Tail returns the last n rows.

func (Dataset) WithColumn ¶ added in v0.0.4

func (f Dataset) WithColumn(col AnyColumn) Dataset

WithColumn appends or replaces a pre-built column in the dataset. This is the simplest way to inject a column that was constructed externally (e.g., via ColumnFactory.NewInt64Column).

type Engine ¶

type Engine interface {
	// Name returns a human-readable identifier (e.g., "arrow", "memory", "sql").
	Name() string
	// Context returns the engine's lifecycle context.
	Context() context.Context
}

Engine is the marker interface that all compute backends implement. Every engine carries a context.Context that governs its lifecycle. Long-running operations should check Context().Err() for cancellation.

func GetEngine ¶

func GetEngine(ds Table) Engine

GetEngine extracts the engine from a dataset. Returns nil if the dataset does not carry an engine.

type Field ¶

type Field struct {
	Name     string
	Dtype    DType
	Nullable bool
	Metadata map[string]string
}

Field describes a single column in a dataset — its name, logical type, nullability, and optional metadata. This maps directly to arrow.Field.

Metadata carries type-specific parameters that DType alone cannot express:

Timestamp timezone: {"tz": "America/Sao_Paulo"}
Display format: {"format": "2006-01-02"}
Units: {"unit": "ns"}

func BoolCol ¶

func BoolCol(name string) Field

BoolCol creates a bool field descriptor.

func DateCol ¶ added in v0.0.6

func DateCol(name string) Field

DateCol creates a date-only field descriptor (days since epoch).

func FloatCol ¶

func FloatCol(name string) Field

FloatCol creates a float64 field descriptor.

func IntCol ¶

func IntCol(name string) Field

IntCol creates an int64 field descriptor.

func NullableFloatCol ¶

func NullableFloatCol(name string) Field

NullableFloatCol creates a nullable float64 field.

func NullableIntCol ¶

func NullableIntCol(name string) Field

NullableIntCol creates a nullable int64 field.

func NullableStringCol ¶

func NullableStringCol(name string) Field

NullableStringCol creates a nullable string field.

func StringCol ¶

func StringCol(name string) Field

StringCol creates a string field descriptor.

func TimeCol ¶ added in v0.0.6

func TimeCol(name string) Field

TimeCol creates a time-of-day field descriptor (ns since midnight).

func TimestampCol ¶

func TimestampCol(name string) Field

TimestampCol creates a timestamp field descriptor.
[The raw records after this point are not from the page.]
(* Let $F\leq F'\leq\hat F$ be permutation groups on $\Omega$. The following are equivalent: (i) $G(F,F')^+$ has index two in $G(F,F')$, i.e. $G(F,F')^+=G(F,F')^\star$; (ii) $G(F,F')^+$ has finite index in $G(F,F')$; (iii) $F$ is transitive on $\Omega$ and $F'$ is generated by its point stabilizers.
   Context: Standing notation. $\Omega$ is a finite set with $d=|\Omega|\geq 3$, $\mathcal{T}_d$ is the $d$-regular tree with vertex set $V$ and set $E$ of non-oriented edges. Fix a coloring $c:E\to\Omega$ such that for every vertex $v$ its restriction $c_v$ to the set $E(v)$ of edges containing $v$ is a bijection onto $\Omega$. For $g\in\mathrm{Aut}(\mathcal{T}_d)$ and $v\in V$, the local permutation is $\sigma(g,v)=c_{gv}\circ g_v\circ c_v^{-1}\in\mathrm{Sym}(\Omega)$, where $g_v:E(v)\to E(gv)$ is induced by $g$. For $F\leq\mathrm{Sym}(\Omega)$: $U(F)=\{g:\sigma(g,v)\in F \ \forall v\}$; $G(F)=\{g:\sigma(g,v)\in F \text{ for all but finitely many } v\}$; $\hat F$ is the subgroup of permutations preserving each $F$-orbit. For $F\leq F'\leq\hat F$, $G(F,F')=G(F)\cap U(F')$. For a group $G$ acting on a tree, $G^\star$ is the subgroup preserving the natural bipartition of the vertex set (vertices at even distance in the same class), and $G^+$ is the subgroup generated by the pointwise stabilizers $G_e$ of all edges $e$. *)

theory Defs
  imports "HOL-Algebra.Algebra"
begin

text \<open>Colors: a finite type 'a (this is Omega, d = CARD('a)).
  Vertices of T_d: reduced words over 'a (no two consecutive letters equal).
  The edge between w and w@[a] has color a. Every vertex v has exactly one
  incident edge of each color, so this coloring is legal.\<close>

definition TV :: "'a list set" where
  "TV = {w. successively (\<noteq>) w}"

definition tadj :: "'a list \<Rightarrow> 'a list \<Rightarrow> bool" where
  "tadj u w \<longleftrightarrow> u \<in> TV \<and> w \<in> TV \<and> ((\<exists>a. w = u @ [a]) \<or> (\<exists>a. u = w @ [a]))"

definition nbr :: "'a list \<Rightarrow> 'a \<Rightarrow> 'a list" where
  "nbr v a = (if v \<noteq> [] \<and> last v = a then butlast v else v @ [a])"

definition ecol :: "'a list \<Rightarrow> 'a list \<Rightarrow> 'a" where
  "ecol u w = (if length u < length w then last w else last u)"

definition TAut :: "('a list \<Rightarrow> 'a list) set" where
  "TAut = {g \<in> Bij TV. \<forall>u\<in>TV. \<forall>w\<in>TV. tadj (g u) (g w) \<longleftrightarrow> tadj u w}"

definition AutGroup_T :: "('a list \<Rightarrow> 'a list) monoid" where
  "AutGroup_T = (BijGroup TV) \<lparr>carrier := TAut\<rparr>"

text \<open>Local permutation sigma(g,v) = c_{gv} o g_v o c_v^{-1}.\<close>
definition locperm :: "('a list \<Rightarrow> 'a list) \<Rightarrow> 'a list \<Rightarrow> ('a \<Rightarrow> 'a)" where
  "locperm g v = (\<lambda>a. ecol (g v) (g (nbr v a)))"

definition U_grp :: "('a \<Rightarrow> 'a) set \<Rightarrow> ('a list \<Rightarrow> 'a list) set" where
  "U_grp F = {g \<in> TAut. \<forall>v\<in>TV. locperm g v \<in> F}"

definition G_grp :: "('a \<Rightarrow> 'a) set \<Rightarrow> ('a list \<Rightarrow> 'a list) set" where
  "G_grp F = {g \<in> TAut. finite {v \<in> TV. locperm g v \<notin> F}}"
func (Field) WithMetadata ¶

func (f Field) WithMetadata(md map[string]string) Field

WithMetadata returns a copy of the field with the given metadata.

func (Field) WithNullable ¶

func (f Field) WithNullable() Field

WithNullable returns a copy of the field with Nullable set.

type FillDirection ¶

type FillDirection int

FillDirection specifies the direction for filling missing values.

const (
	// FillDown fills missing values with the previous non-null value (carry forward).
	FillDown FillDirection = iota
	// FillUp fills missing values with the next non-null value (carry backward).
	FillUp
)

type Filler ¶

type Filler interface {
	Fill(col AnyColumn, dir FillDirection) (AnyColumn, error)
	DropNA(ds Table, cols ...string) (Table, error)
	ReplaceNA(col AnyColumn, defaultVal float64) (AnyColumn, error)
}

Filler provides missing-value handling operations. For Arrow: streaming fill with zero allocation. For SQL: generates COALESCE / window-based fill.

type Filterer ¶

type Filterer interface {
	Filter(ds Table, mask Masker) (Table, error)
}

Filterer provides mask-based row filtering. For Arrow: boolean mask filtering with zero-copy. For SQL: generates WHERE clauses.

type Float64Appender ¶

type Float64Appender interface {
	Append(v float64)
	AppendNull()
	AppendValues(vs []float64)
	Reserve(n int)
}

Float64Appender streams float64 values into a column.

type Float64Opt ¶

type Float64Opt = func([]float64) []float64

Float64Opt transforms a float64 slice (e.g. Clean, Clamp, Sorted).

func FillNaN ¶

func FillNaN(fill float64) Float64Opt

FillNaN replaces all NaNs with the provided value.

type GroupedFrame ¶

type GroupedFrame struct {
	// contains filtered or unexported fields
}

GroupedFrame holds a Frame with group-by columns set.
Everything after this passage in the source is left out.